The ship was directly overhead now. I could make my crew out in the cockpit.

The displacement wave hit us hard — a wall of recycled air and ion wash. She grabbed my arm to steady herself and laughed again.

We made it.

After everything.

We actually made it.

Then the red light came.

Silent.

Fast.

A clean hard line across the sky, coming from somewhere out on the water — from one of the islands, I thought.

The ship's engines shifted pitch instantly. Automatic threat response. The hum changed frequency — higher, urgent. The vessel recalculated, rerouting, compensating .

Moving away from us.

"No…" I said, barely a whisper.

Then the second laser fired. From another location this time.

The two lines crossed.

And I knew then it was over.

I grabbed her.

No thought. No decision. Just my arms around her and down — hard against the rock, below the sightline, as low as we could get. I locked her against my chest and didn’t let go.

The sound started low.

A groan. Deep and pained. I knew it; had trained alongside it; had run simulations of it in controlled environments. And never once had I heard it for real.

The ship tried to compensate. The drive nacelles screamed — pushing power to the lateral thrusters, trying to establish controlled descent, trying to find any path that wasn't straight down.

She was good. The best extraction vessel in the fleet. For three full seconds she fought it.

She fought and she lost.

The first impact was the forward hull hitting the rock face.

The sound was enormous.

Not an explosion — something worse than that. An explosion is fast. An explosion is over. This was sustained. This was the sound of something enormous meeting something immovable and neither one yielding cleanly.

Metal tore, support structures snapped in sequence like a chain reaction, each triggering the next. The whole catastrophic architecture unfolded in real time directly above us.

I pressed her harder against the rock .

Helsa wasn't making a sound. Not screaming, not crying. Just her hands locked in my shirt and her face pressed against my chest. Her whole body rigid, completely still, riding it out.

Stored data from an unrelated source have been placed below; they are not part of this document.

lemma evolution_family_id:
  "evolution_family d \<phi> \<Longrightarrow> 0 \<le> s \<Longrightarrow> z \<in> ball 0 1 \<Longrightarrow> \<phi> s s z = z"
  unfolding evolution_family_def by (elim conjE) blast

lemma evolution_family_trans:
  "evolution_family d \<phi> \<Longrightarrow> 0 \<le> s \<Longrightarrow> s \<le> u \<Longrightarrow> u \<le> t \<Longrightarrow> z \<in> ball 0 1 \<Longrightarrow>
     \<phi> s t z = \<phi> u t (\<phi> s u z)"
  unfolding evolution_family_def by (elim conjE) blast

lemma evolution_family_displacement:
  assumes ef: "evolution_family d \<phi>" and z: "z \<in> ball 0 1" and T: "T > 0"
  obtains k where "\<And>x. 0 \<le> k x" "Lp_on d T k"
    "\<And>s t. 0 \<le> s \<Longrightarrow> s \<le> t \<Longrightarrow> t \<le> T \<Longrightarrow> norm (\<phi> s t z - z) \<le> integral {s..t} k"
proof -
  have "\<exists>k. (\<forall>x. 0 \<le> k x) \<and> Lp_on d T k \<and> (\<forall>s u t. 0 \<le> s \<longrightarrow> s \<le> u \<longrightarrow> u \<le> t \<longrightarrow> t \<le> T \<longrightarrow>
      norm (\<phi> s u z - \<phi> s t z) \<le> integral {u..t} k)"
    using ef[unfolded evolution_family_def, THEN conjunct2, THEN conjunct2, THEN conjunct2] z T
    by blast
  then obtain k where k: "\<And>x. 0 \<le> k x" "Lp_on d T k"
    "\<And>s u t. 0 \<le> s \<Longrightarrow> s \<le> u \<Longrightarrow> u \<le> t \<Longrightarrow> t \<le> T \<Longrightarrow> norm (\<phi> s u z - \<phi> s t z) \<le> integral {u..t} k"
    by blast
  show ?thesis
  proof (rule that[OF k(1,2)])
    fix s t
    assume "0 \<le> s" "s \<le> t" "t \<le> T"
    then show "norm (\<phi> s t z - z) \<le> integral {s..t} k"
      using k(3)[of s s t] evolution_family_id[OF ef _ z] by (simp add: norm_minus_commute)
  qed
qed

lemma tanh_add_half_iterate_bounds:
  assumes "0 \<le> r" "r < 1"
  shows "0 \<le> ((\<lambda>x. tanh_add x (1/2)) ^^ n) r" "((\<lambda>x. tanh_add x (1/2)) ^^ n) r < 1"
  using assms by (induction n) (auto intro: tanh_add_nonneg tanh_add_less_1)

lemma evolution_family_norm_le_iterate:
  assumes ef: "evolution_family d \<phi>"
    and short: "\<And>u t. 0 \<le> u \<Longrightarrow> u \<le> t \<Longrightarrow> t \<le> T \<Longrightarrow> t - u \<le> \<delta> \<Longrightarrow> norm (\<phi> u t 0) \<le> 1/2"
    and \<delta>: "0 \<le> \<delta>" and r: "0 \<le> r" "r < 1" and z: "norm z \<le> r"
    and st: "0 \<le> s" "s \<le> t" "t \<le> T" "t - s \<le> real n * \<delta>"
  shows "norm (\<phi> s t z) \<le> ((\<lambda>x. tanh_add x (1/2)) ^^ n) r"
  using st
proof (induction n arbitrary: t)
  case 0
  then show ?case
    using evolution_family_id[OF ef] z r by simp
next
  case (Suc n)
  define R where "R = ((\<lambda>x. tanh_add x (1/2)) ^^ n) r"
  have R: "0 \<le> R" "R < 1"
    using tanh_add_half_iterate_bounds[OF r] by (simp_all add: R_def)
  define u where "u = max s (t - \<delta>)"
  have u: "s \<le> u" "u \<le> t" "t - u \<le> \<delta>" "u - s \<le> real n * \<delta>"
    using Suc.prems \<delta> by (auto simp: u_def algebra_simps)
  define w where "w = \<phi> s u z"
  have "norm w \<le> R"
    using Suc.IH[of u] Suc.prems u by (simp add: w_def R_def)
  have "\<phi> s t z = \<phi> u t w"
    using evolution_family_trans[OF ef \<open>0 \<le> s\<close> u(1,2)] z r by (simp add: w_def)
  have "0 \<le> u" "norm (\<phi> u t 0) \<le> 1/2"
    using short[of u t] Suc.prems u by simp_all
  have "norm (\<phi> u t w) \<le> tanh_add (norm w) (norm (\<phi> u t 0))"
    using norm_self_map_le[OF evolution_family_self_map[OF ef \<open>0 \<le> u\<close> u(2)]] \<open>norm w \<le> R\<close> R
    by simp
  also have "\<dots> \<le> tanh_add R (norm (\<phi> u t 0))"
    using \<open>norm w \<le> R\<close> \<open>norm (\<phi> u t 0) \<le> 1/2\<close> by (intro tanh_add_mono) simp_all
  also have "\<dots> = tanh_add (norm (\<phi> u t 0)) R"
    by (rule tanh_add_commute)
  also have "\<dots> \<le> tanh_add (1/2) R"
    using \<open>norm (\<phi> u t 0) \<le> 1/2\<close> R by (intro tanh_add_mono) simp_all
  also have "\<dots> = tanh_add R (1/2)"
    by (rule tanh_add_commute)
  finally have "norm (\<phi> s t z) \<le> tanh_add R (1/2)"
    using \<open>\<phi> s t z = \<phi> u t w\<close> by simp
  then show ?case
    by (simp add: R_def)
qed

lemma evolution_family_uniform_radius:
  assumes ef: "evolution_family d \<phi>" and d: "1 \<le> d" and T: "T > 0" and r: "0 \<le> r" "r < 1"
  obtains R where "R < 1"
    "\<And>s t z. 0 \<le> s \<Longrightarrow> s \<le> t \<Longrightarrow> t \<le> T \<Longrightarrow> norm z \<le> r \<Longrightarrow> norm (\<phi> s t z) \<le> R"
proof -
  have "(0::complex) \<in> ball 0 1"
    by simp
  from ef this T obtain k where "\<And>x. 0 \<le> k x" and k: "Lp_on d T k"
    and displacement: "\<And>s t. 0 \<le> s \<Longrightarrow> s \<le> t \<Longrightarrow> t \<le> T \<Longrightarrow> norm (\<phi> s t 0 - 0) \<le> integral {s..t} k"
    by (rule evolution_family_displacement) blast
  obtain \<delta> where \<delta>: "\<delta> > 0"
    and small: "\<And>s t. 0 \<le> s \<Longrightarrow> s \<le> t \<Longrightarrow> t \<le> T \<Longrightarrow> t - s \<le> \<delta> \<Longrightarrow> integral {s..t} k \<le> 1/2"
    using integral_le_on_short_intervals[OF Lp_on_imp_integrable_on[OF k d], of "1/2"] by auto
  define N where "N = nat \<lceil>T / \<delta>\<rceil>"
  have "T / \<delta> \<le> real N"
    unfolding N_def by linarith
  then have "T \<le> real N * \<delta>"
    using \<delta> by (simp add: divide_le_eq)
  show ?thesis
  proof (rule that)
    show "((\<lambda>x. tanh_add x (1/2)) ^^ N) r < 1"
      using tanh_add_half_iterate_bounds[OF r] by blast
    fix s t and z :: complex
    assume st: "0 \<le> s" "s \<le> t" "t \<le> T" and z: "norm z \<le> r"
    have short: "norm (\<phi> u v 0) \<le> 1/2" if "0 \<le> u" "u \<le> v" "v \<le> T" "v - u \<le> \<delta>" for u v
      using displacement[OF that(1-3)] small[OF that] by simp
    have "t - s \<le> real N * \<delta>"
      using st \<open>T \<le> real N * \<delta>\<close> by simp
    with \<delta> show "norm (\<phi> s t z) \<le> ((\<lambda>x. tanh_add x (1/2)) ^^ N) r"
      by (intro evolution_family_norm_le_iterate[OF ef short _ r z st]) simp_all
  qed
qed

lemma evolution_family_near_identity:
  assumes ef: "evolution_family d \<phi>" and d: "1 \<le> d" and T: "T > 0" and r: "0 \<le> r" "r < 1"
  obtains k where "\<And>x. 0 \<le> k x" "Lp_on d T k"
    "\<And>s t z. 0 \<le> s \<Longrightarrow> s \<le> t \<Longrightarrow> t \<le> T \<Longrightarrow> norm z \<le> r \<Longrightarrow>
       norm (\<phi> s t z - z) \<le> integral {s..t} k"
proof -
  obtain C where "C \<ge> 0" and C: "\<And>g z. g holomorphic_on ball 0 1 \<Longrightarrow> g ` ball 0 1 \<subseteq> ball 0 1 \<Longrightarrow>
      norm z \<le> r \<Longrightarrow> norm (g z - z) \<le> C * (norm (g 0) + norm (g (1/2) - 1/2))"
    using self_map_near_identity[OF r] by blast
  have "(0::complex) \<in> ball 0 1" "(1/2::complex) \<in> ball 0 1"
    by simp_all
  from ef this(1) T obtain k0 where k0: "\<And>x. 0 \<le> k0 x" "Lp_on d T k0"
    "\<And>s t. 0 \<le> s \<Longrightarrow> s \<le> t \<Longrightarrow> t \<le> T \<Longrightarrow> norm (\<phi> s t 0 - 0) \<le> integral {s..t} k0"
    by (rule evolution_family_displacement) blast
  from ef \<open>1/2 \<in> ball 0 1\<close> T obtain k1 where k1: "\<And>x. 0 \<le> k1 x" "Lp_on d T k1"
    "\<And>s t. 0 \<le> s \<Longrightarrow> s \<le> t \<Longrightarrow> t \<le> T \<Longrightarrow> norm (\<phi> s t (1/2) - 1/2) \<le> integral {s..t} k1"
    by (rule evolution_family_displacement) blast
  show ?thesis
  proof (rule that)
    show "0 \<le> C * (k0 x + k1 x)" for x
      using \<open>C \<ge> 0\<close> k0(1) k1(1) by simp
    show "Lp_on d T (\<lambda>x. C * (k0 x + k1 x))"
      by (intro Lp_on_cmult Lp_on_add k0(2) k1(2) d)
    fix s t and z :: complex
    assume st: "0 \<le> s" "s \<le> t" "t \<le> T" and z: "norm z \<le> r"
    have "k0 integrable_on {s..t}" "k1 integrable_on {s..t}"
      using Lp_on_imp_integrable_on[OF k0(2) d] Lp_on_imp_integrable_on[OF k1(2) d] st
      by (auto intro: integrable_on_subinterval)
    then have "integral {s..t} (\<lambda>x. C * (k0 x + k1 x)) = C * (integral {s..t} k0 + integral {s..t} k1)"
      by (simp add: integral_add)
    moreover have "norm (\<phi> s t z - z) \<le> C * (norm (\<phi> s t 0) + norm (\<phi> s t (1/2) - 1/2))"
      by (rule C[OF evolution_family_self_map[OF ef st(1,2)] z])
    moreover have "norm (\<phi> s t 0) + norm (\<phi> s t (1/2) - 1/2) \<le> integral {s..t} k0 + integral {s..t} k1"
      using k0(3)[OF st] k1(3)[OF st] by simp
    ultimately show "norm (\<phi> s t z - z) \<le> integral {s..t} (\<lambda>x. C * (k0 x + k1 x))"
      using mult_left_mono[OF _ \<open>C \<ge> 0\<close>] by (metis order_trans)
  qed
qed

lemma evolution_family_associated_uniformly_lipschitz:
  assumes ef: "evolution_family d \<phi>" and d: "1 \<le> d" and T: "T > 0"
    and hol: "f T holomorphic_on ball 0 1"
    and assoc: "\<And>s t z. 0 \<le> s \<Longrightarrow> s \<le> t \<Longrightarrow> z \<in> ball 0 1 \<Longrightarrow> f t (\<phi> s t z) = f s z"
    and \<rho>: "0 \<le> \<rho>" "\<rho> < 1"
  obtains L where "L \<ge> 0"
    "\<And>t x y. 0 \<le> t \<Longrightarrow> t \<le> T \<Longrightarrow> norm x \<le> \<rho> \<Longrightarrow> norm y \<le> \<rho> \<Longrightarrow>
       norm (f t x - f t y) \<le> L * norm (x - y)"
proof -
  obtain R where "R < 1"
    and R: "\<And>t z. 0 \<le> t \<Longrightarrow> t \<le> T \<Longrightarrow> norm z \<le> \<rho> \<Longrightarrow> norm (\<phi> t T z) \<le> R"
    using evolution_family_uniform_radius[OF ef d T \<rho>] by (metis order_refl)
  obtain L where "L \<ge> 0"
    and L: "\<And>x y. norm x \<le> R \<Longrightarrow> norm y \<le> R \<Longrightarrow> norm (f T x - f T y) \<le> L * norm (x - y)"
    using holomorphic_lipschitz_on_cball[OF hol \<open>R < 1\<close>] by blast
  show ?thesis
  proof (rule that)
    show "0 \<le> L * (2 / (1 - \<rho>))"
      using \<open>L \<ge> 0\<close> \<rho> by simp
    fix t and x y :: complex
    assume t: "0 \<le> t" "t \<le> T" and xy: "norm x \<le> \<rho>" "norm y \<le> \<rho>"
    then have "f t x = f T (\<phi> t T x)" "f t y = f T (\<phi> t T y)"
      using assoc \<rho> by auto
    then have "norm (f t x - f t y) \<le> L * norm (\<phi> t T x - \<phi> t T y)"
      using L R t xy by simp
    also have "\<dots> \<le> L * (2 / (1 - \<rho>) * norm (x - y))"
      using self_map_lipschitz_on_cball[OF evolution_family_self_map[OF ef t] xy \<rho>(2)] \<open>L \<ge> 0\<close>
      by (rule mult_left_mono)
    finally show "norm (f t x - f t y) \<le> L * (2 / (1 - \<rho>)) * norm (x - y)"
      by (simp add: mult.assoc)
  qed
qed

lemma evolution_family_associated_kernel:
  assumes ef: "evolution_family d \<phi>" and d: "1 \<le> d" and T: "T > 0"
    and hol: "f T holomorphic_on ball 0 1"
    and assoc: "\<And>s t z. 0 \<le> s \<Longrightarrow> s \<le> t \<Longrightarrow> z \<in> ball 0 1 \<Longrightarrow> f t (\<phi> s t z) = f s z"
    and K: "compact K" "K \<subseteq> ball 0 1"
  obtains k where "\<And>x. 0 \<le> k x" "Lp_on d T k"
    "\<And>z s t. z \<in> K \<Longrightarrow> 0 \<le> s \<Longrightarrow> s \<le> t \<Longrightarrow> t \<le> T \<Longrightarrow> norm (f s z - f t z) \<le> integral {s..t} k"
proof -
  obtain r where r: "0 \<le> r" "r < 1" and "K \<subseteq> cball 0 r"
    using compact_subset_ball_imp_subset_cball[OF K] by blast
  obtain R where "R < 1"
    and R: "\<And>s t z. 0 \<le> s \<Longrightarrow> s \<le> t \<Longrightarrow> t \<le> T \<Longrightarrow> norm z \<le> r \<Longrightarrow> norm (\<phi> s t z) \<le> R"
    using evolution_family_uniform_radius[OF ef d T r] by blast
  define \<rho> where "\<rho> = max r R"
  have \<rho>: "0 \<le> \<rho>" "\<rho> < 1"
    using r \<open>R < 1\<close> by (auto simp: \<rho>_def)
  obtain L where "L \<ge> 0" and L: "\<And>t x y. 0 \<le> t \<Longrightarrow> t \<le> T \<Longrightarrow> norm x \<le> \<rho> \<Longrightarrow> norm y \<le> \<rho> \<Longrightarrow>
      norm (f t x - f t y) \<le> L * norm (x - y)"
    using evolution_family_associated_uniformly_lipschitz[OF ef d T hol assoc \<rho>] by blast
  obtain k where k: "\<And>x. 0 \<le> k x" "Lp_on d T k"
    and near: "\<And>s t z. 0 \<le> s \<Longrightarrow> s \<le> t \<Longrightarrow> t \<le> T \<Longrightarrow> norm z \<le> r \<Longrightarrow>
       norm (\<phi> s t z - z) \<le> integral {s..t} k"
    using evolution_family_near_identity[OF ef d T r] by blast
  show ?thesis
  proof (rule that)
    show "0 \<le> L * k x" for x
      using \<open>L \<ge> 0\<close> k(1) by simp
    show "Lp_on d T (\<lambda>x. L * k x)"
      by (rule Lp_on_cmult[OF k(2)])
    fix z s t
    assume "z \<in> K" "0 \<le> s" "s \<le> t" "t \<le> T"
    then have z: "norm z \<le> r" "z \<in> ball 0 1"
      using \<open>K \<subseteq> cball 0 r\<close> K(2) by auto
    have "f s z = f t (\<phi> s t z)"
      using assoc \<open>0 \<le> s\<close> \<open>s \<le> t\<close> z by simp
    also have "norm (\<dots> - f t z) \<le> L * norm (\<phi> s t z - z)"
      using L[of t "\<phi> s t z" z] R[of s t z] \<open>0 \<le> s\<close> \<open>s \<le> t\<close> \<open>t \<le> T\<close> z
      by (simp add: \<rho>_def)
    finally have "norm (f s z - f t z) \<le> L * integral {s..t} k"
      using near[OF \<open>0 \<le> s\<close> \<open>s \<le> t\<close> \<open>t \<le> T\<close> z(1)] \<open>L \<ge> 0\<close> by (metis mult_left_mono order_trans)
    then show "norm (f s z - f t z) \<le> integral {s..t} (\<lambda>x. L * k x)"
      by simp
  qed
qed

The grinding started next.

That was the hull coming down the rock face. I could feel it — not just hear it, feel it — through the stone beneath us, transmitted up through the rock and into my bones. Scraping its way down toward the water’s edge. A sound like the world coming apart slowly and without hurry.

My world coming apart.

Then the drive nacelles blew.

The shockwave hit us like a fist. A wall of hot displaced air raced over the rock with enough force to shove us sideways across the ledge. I dug in and held position, clutching her in my arms.

She made a sound then. It was so small.

I held her tighter.

The grinding peaked.

There was a moment — one single moment — of near silence. The horrible held-breath pause between the falling and the landing, the gap between the worst thing happening and the full weight of it arriving.

I used that second to look at her.

Her eyes were closed. Her jaw was set. Her hands were still locked in my shirt.

She was the bravest thing I had ever seen.

Then the ship hit the water.

The sound was not a splash.

It was not an explosion.

It was not any single thing I had a word for.

It was everything all at once. The full mass of a class-four extraction vessel, forty thousand tons of alloy and drive core and twenty years of my life, hitting deep water at terminal velocity.

The sound it made rolled outward in every direction like a physical force, like a wall, like the sea itself was shouting, shaking the rock beneath us, shaking the air around us, shaking something deep in my chest that had nothing to do with physics.

It rolled over us in waves.

Once.

Twice.

And then again, the echo of it coming back off the far rock faces of the distant islands, returning the sound a second time, a third, each one slightly smaller than the last but none of them small.

None of them quiet.

None of them anything close to quiet.

And I held her in the dark on the rock above the sea and did not let go. The sound kept coming, and the moons kept burning their silver and blue and gold across the water, and somewhere far below us, in the black deep, my ship was gone.